Design Leadership, Securing the Strategic Value of Design


pmwj18-jan2014-subramanian-IMAGE1 - BOOKBook Title: Design Leadership, Securing the Strategic Value of Design
Author:  Raymond Turner
Publisher:  Gower Publishing Limited
List Price:   US$ 94.95
Format:  Hard cover; 255 pages
Publication Date:   2013     ISBN: 978-1-4094-6323-8
Reviewer: Lakshmi Subramanian
Review Date:              Nov 2013

Introduction to the Book

Design Leadership” presents arguments about the value of design and how it can be leveraged for the benefit of the organization. Design directly impacts oft-used measures such as Gross margin, Net margin, Return on Investments, Operating costs and can be used as a Brand Asset as well. Organizations see design as a cost rather than an investment, as a thing instead of a process, or as a tactical rather than a strategic resource. However, design is a business tool that makes strategy visible, and design leadership is a commercial and social imperative. Design spend is the single biggest expenditure that the Board knows the least about.

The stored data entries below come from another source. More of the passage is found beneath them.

lemma step_count_values:
  "step_count X Step_X = 1 \<and> step_count X Step_Z + 1 = length (labels X)
    \<and> step_count X Step_Y = length (labels X) + improper X
    \<and> step_count X Step_T + 1 = length (labels X) + improper X"
proof (induction X)
  case (Node v cs)
  let ?len = "\<lambda>c. length (labels c)"
  have IH: "step_count c Step_X = 1" "step_count c Step_Z + 1 = ?len c"
    "step_count c Step_Y = ?len c + improper c" "step_count c Step_T + 1 = ?len c + improper c"
    if "c \<in> set cs" for c
    using Node.IH[OF that] by simp_all
  have len: "length (labels (Node v cs)) = Suc (sum_list (map ?len cs))"
    by (simp add: length_concat comp_def)
  have Z: "sum_list (map (\<lambda>c. step_count c Step_X + step_count c Step_Z) cs) = sum_list (map ?len cs)"
    using IH(1,2) by (simp cong: map_cong)
  have Y: "sum_list (map (\<lambda>c. step_count c Step_Y) cs) = sum_list (map ?len cs) + sum_list (map improper cs)"
    using IH(3) by (simp add: sum_list_addf cong: map_cong)
  have "sum_list (map (\<lambda>c. Suc (step_count c Step_T)) cs) = sum_list (map (\<lambda>c. ?len c + improper c) cs)"
    using IH(4) by (simp cong: map_cong)
  then have T: "sum_list (map (\<lambda>c. step_count c Step_T) cs) + length cs
      = sum_list (map ?len cs) + sum_list (map improper cs)"
    by (simp add: sum_list_map_Suc sum_list_addf)
  have imp_fin: "finite (improper_children v cs)"
    by (simp add: improper_children_def)
  have "card (insert New_Root (Split_Young ` improper_children v cs)) = Suc (card (improper_children v cs))"
    using imp_fin by (subst card_insert_disjoint) (auto simp: card_image inj_on_def)
  moreover have "card (New_Leaf ` {..<length cs} \<union> Split_Elder ` improper_children v cs)
      = length cs + card (improper_children v cs)"
    using imp_fin by (subst card_Un_disjoint) (auto simp: card_image inj_on_def)
  ultimately show ?case
    unfolding step_count_Node card_step_below local_steps len improper_Node
    using Z Y T by (simp add: IH(1) cong: map_cong)
qed

section \<open>The recurrence for O-trees\<close>

definition rooted_trees :: "nat \<Rightarrow> ptree set" where
  "rooted_trees N = {T. distinct (labels T) \<and> set (labels T) = {1..N} \<and> root T = 1}"

text \<open>Only New_Root has to be excluded at the root: the root 1 has no improper children, so no
  split is valid there.\<close>

definition root_insertions :: "ptree \<Rightarrow> (nat list \<times> local_op) set" where
  "root_insertions T = {(p, k). valid_at T p k \<and> (p, k) \<noteq> ([], New_Root)}"

lemma rooted_trees_distinct_below: "T \<in> rooted_trees N \<Longrightarrow> distinct_below (Suc N) T"
  by (auto simp: rooted_trees_def distinct_below_def)

lemma rooted_trees_length: "T \<in> rooted_trees N \<Longrightarrow> length (labels T) = N"
  by (auto simp: rooted_trees_def dest: distinct_card)

lemma rooted_trees_improper_children:
  assumes "Node v cs \<in> rooted_trees N"
  shows "improper_children v cs = {}"
proof -
  have "1 < beta c" if "c \<in> set cs" for c
  proof -
    have "beta c \<in> set (labels (Node v cs))" and "beta c \<noteq> v"
      using that beta_in[of c] assms by (auto simp: rooted_trees_def)
    then show ?thesis
      using assms by (auto simp: rooted_trees_def)
  qed
  then show ?thesis
    using assms by (auto simp: improper_children_def rooted_trees_def)
qed

lemma root_insertion_preserves_root:
  assumes "T \<in> rooted_trees N" and "(p, k) \<in> root_insertions T"
  shows "root (insert_at m T p k) = 1"
proof -
  obtain v cs where T: "T = Node v cs"
    by (cases T)
  have "improper_children v cs = {}"
    using assms(1) T by (simp add: rooted_trees_improper_children)
  then have "p \<noteq> [] \<or> (\<exists>q. k = New_Leaf q)"
    using assms(2) T by (cases k) (auto simp: root_insertions_def)
  then show ?thesis
    using assms(1) by (auto simp: root_insert_at rooted_trees_def)
qed

lemma insert_at_in_rooted_trees:
  assumes "T \<in> rooted_trees (Suc n)" and "(p, k) \<in> root_insertions T"
  shows "insert_at (Suc (Suc n)) T p k \<in> rooted_trees (Suc (Suc n))"
proof -
  have "valid_at T p k"
    using assms(2) by (simp add: root_insertions_def)
  note labels = labels_insert_at[OF this rooted_trees_distinct_below[OF assms(1)]]
  show ?thesis
    using labels root_insertion_preserves_root[OF assms] assms(1)
    by (simp add: rooted_trees_def atLeastAtMostSuc_conv)
qed

lemma labels_insert_atD:
  assumes "valid_at X p k" and "distinct (labels (insert_at m X p k))"
  shows "distinct (labels X)" and "set (labels X) = set (labels (insert_at m X p k)) - {m}"
proof -
  have "mset (labels (insert_at m X p k)) = mset (m # labels X)"
    using mset_insert_at[OF assms(1)] by simp
  then have "distinct (m # labels X)" and "set (labels (insert_at m X p k)) = set (m # labels X)"
    using assms(2) by (metis mset_eq_imp_distinct_iff, metis set_mset_mset)
  then show "distinct (labels X)" and "set (labels X) = set (labels (insert_at m X p k)) - {m}"
    by auto
qed

lemma rooted_trees_Suc_cases:
  assumes Y: "Y \<in> rooted_trees (Suc (Suc n))"
  obtains T p k where "T \<in> rooted_trees (Suc n)" "(p, k) \<in> root_insertions T"
    "insert_at (Suc (Suc n)) T p k = Y"
proof -
  let ?m = "Suc (Suc n)"
  have "?m \<in> set (labels Y)" "Y \<noteq> Node ?m []" "distinct (labels Y)"
    using Y by (auto simp: rooted_trees_def)
  then obtain X p k where valid: "valid_at X p k" and ins: "insert_at ?m X p k = Y"
    using insert_at_surj by blast
  have "{1..?m} - {?m} = {1..Suc n}"
    by auto
  then have "distinct (labels X)" and "set (labels X) = {1..Suc n}"
    using labels_insert_atD[OF valid, of ?m] Y by (simp_all add: ins rooted_trees_def)
  moreover have "root X = 1" and "(p, k) \<noteq> ([], New_Root)"
    using Y root_insert_at[of ?m X p k] by (auto simp: ins rooted_trees_def split: if_splits)
  ultimately show ?thesis
    using valid ins by (intro that[of X p k]) (simp_all add: rooted_trees_def root_insertions_def)
qed

lemma insert_at_bij_betw:
  "bij_betw (\<lambda>(T, p, k). insert_at (Suc (Suc n)) T p k)
     (SIGMA T : rooted_trees (Suc n). root_insertions T) (rooted_trees (Suc (Suc n)))"
proof (rule bij_betw_imageI)
  show "inj_on (\<lambda>(T, p, k). insert_at (Suc (Suc n)) T p k) (SIGMA T : rooted_trees (Suc n). root_insertions T)"
  proof (rule inj_onI)
    fix x y
    assume x: "x \<in> (SIGMA T : rooted_trees (Suc n). root_insertions T)"
      and y: "y \<in> (SIGMA T : rooted_trees (Suc n). root_insertions T)"
      and eq: "(\<lambda>(T, p, k). insert_at (Suc (Suc n)) T p k) x = (\<lambda>(T, p, k). insert_at (Suc (Suc n)) T p k) y"
    obtain T p k T' p' k' where "x = (T, p, k)" "y = (T', p', k')"
      by (cases x, cases y) auto
    with x y eq show "x = y"
      using insert_at_inj[of T p k T' p' k' "Suc (Suc n)"]
      by (simp add: root_insertions_def rooted_trees_distinct_below)
  qed
  show "(\<lambda>(T, p, k). insert_at (Suc (Suc n)) T p k) ` (SIGMA T : rooted_trees (Suc n). root_insertions T)
      = rooted_trees (Suc (Suc n))"
    using insert_at_in_rooted_trees by (auto elim!: rooted_trees_Suc_cases intro!: image_eqI)
qed

lemma rooted_trees_1: "rooted_trees (Suc 0) = {Node 1 []}"
proof (intro equalityI subsetI)
  fix T
  assume T: "T \<in> rooted_trees (Suc 0)"
  obtain v cs where T_def: "T = Node v cs"
    by (cases T)
  have "length (labels T) = Suc 0"
    using T by (rule rooted_trees_length)
  then have "cs = []"
    by (cases cs) (auto simp: T_def)
  then show "T \<in> {Node 1 []}"
    using T by (simp add: T_def rooted_trees_def)
qed (simp add: rooted_trees_def)

lemma finite_root_insertions: "finite (root_insertions T)"
  unfolding root_insertions_def using finite_valid_at[of T "\<lambda>p k. (p, k) \<noteq> ([], New_Root)"]
  by simp

lemma finite_rooted_trees: "finite (rooted_trees (Suc n))"
proof (induction n)
  case 0
  then show ?case
    by (simp add: rooted_trees_1)
next
  case (Suc n)
  then show ?case
    using bij_betw_finite[OF insert_at_bij_betw] finite_root_insertions by blast
qed

definition tree_stats :: "ptree \<Rightarrow> nat \<times> nat \<times> nat" where
  "tree_stats T = (improper T, young_root T, eld T)"

fun step_shift :: "step \<Rightarrow> nat \<times> nat \<times> nat \<Rightarrow> nat \<times> nat \<times> nat" where
  "step_shift Step_X (i, y, e) = (i, Suc y, e)"
| "step_shift Step_Z t = t"
| "step_shift Step_Y (i, y, e) = (Suc i, y, e)"
| "step_shift Step_T (i, y, e) = (i, y, Suc e)"

lemma tree_stats_insert_at:
  assumes "T \<in> rooted_trees (Suc n)" and "(p, k) \<in> root_insertions T"
  shows "tree_stats (insert_at (Suc (Suc n)) T p k) = step_shift (step_at T p k) (tree_stats T)"
proof -
  have valid: "valid_at T p k"
    using assms(2) by (simp add: root_insertions_def)
  have below: "distinct_below (Suc (Suc n)) T"
    using assms(1) by (rule rooted_trees_distinct_below)
  have "root (insert_at (Suc (Suc n)) T p k) = root T"
    using root_insertion_preserves_root[OF assms] assms(1) by (simp add: rooted_trees_def)
  then show ?thesis
    using insert_at_stats[OF valid below] young_root_insert_at[OF valid below]
    by (cases "step_at T p k") (simp_all add: tree_stats_def)
qed

lemma card_root_insertions_step:
  assumes "T \<in> rooted_trees (Suc n)"
  shows "card {x \<in> root_insertions T. case_prod (step_at T) x = s}
    = (case s of Step_X \<Rightarrow> 1 | Step_Z \<Rightarrow> n | _ \<Rightarrow> n + improper T)"
proof -
  have "{x \<in> root_insertions T. case_prod (step_at T) x = s}
      = {(p, k). valid_at T p k \<and> step_at T p k = s} - {([], New_Root)}"
    by (auto simp: root_insertions_def)
  moreover have "([], New_Root) \<in> {(p, k). valid_at T p k \<and> step_at T p k = s} \<longleftrightarrow> s = Step_Y"
    by (cases T) auto
  ultimately show ?thesis
    using step_count_values[of T] rooted_trees_length[OF assms]
    by (cases s) (simp_all add: step_count_def finite_valid_at)
qed

lemma card_root_insertions_stats:
  assumes "T \<in> rooted_trees (Suc n)"
  shows "card {(p, k). (p, k) \<in> root_insertions T \<and> tree_stats (insert_at (Suc (Suc n)) T p k) = s}
    = (if step_shift Step_X (tree_stats T) = s then 1 else 0)
    + (if tree_stats T = s then n else 0)
    + (if step_shift Step_Y (tree_stats T) = s then n + improper T else 0)
    + (if step_shift Step_T (tree_stats T) = s then n + improper T else 0)"
proof -
  have "card {(p, k). (p, k) \<in> root_insertions T \<and> tree_stats (insert_at (Suc (Suc n)) T p k) = s}
      = card {x \<in> root_insertions T. step_shift (case_prod (step_at T) x) (tree_stats T) = s}"
    using tree_stats_insert_at[OF assms] by (intro arg_cong[where f = card]) auto
  also have "\<dots> = (\<Sum>c\<in>{Step_X, Step_Z, Step_Y, Step_T}. if step_shift c (tree_stats T) = s
      then card {x \<in> root_insertions T. case_prod (step_at T) x = c} else 0)"
    by (rule card_filter_by_class[OF finite_root_insertions]) (auto intro: step.exhaust)
  finally show ?thesis
    by (simp add: card_root_insertions_step[OF assms])
qed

Good design is good business. However, most organizations don’t pay heed to design and its role in the big picture. This book presents arguments for putting design in the DNA of business and demonstrates how design leadership can positively impact the strategic objectives.

Overview of Book’s Structure

The book is divided into 4 parts with 18 chapters in total – 1. Preparing the ground, 2. The how and what of delivery, 3. Looking back to look forward, and 4. Case examples.

In Preparing the ground, the author touches upon the challenges that design faces currently – sceptics who think design is a thing and not a process and as a cost and not an investment and how to convert them by the authority of argument, rather than by the argument of authority. The author presents arguments on why design is relevant and can increase brand value, reduce costs and time to market. Demonstrations on how design can drive these key indicators that measure business is quite resourceful, should you need to make an argument on the relevance of design.

In The how and what of delivery, the author explains the differences between design management and design leadership, where the former addresses “the how” to get design implemented and the latter provides direction to manage. A diagram showing basic links between strategic intent and design response is a must-see and is oft repeated in different contexts. Using an opportunity to leverage design is discussed in detail under ‘Milestones of Design Management’ and ‘Process of Design Leadership’. The behavioral styles of Line managers, Functional Managers and Design clients are also discussed.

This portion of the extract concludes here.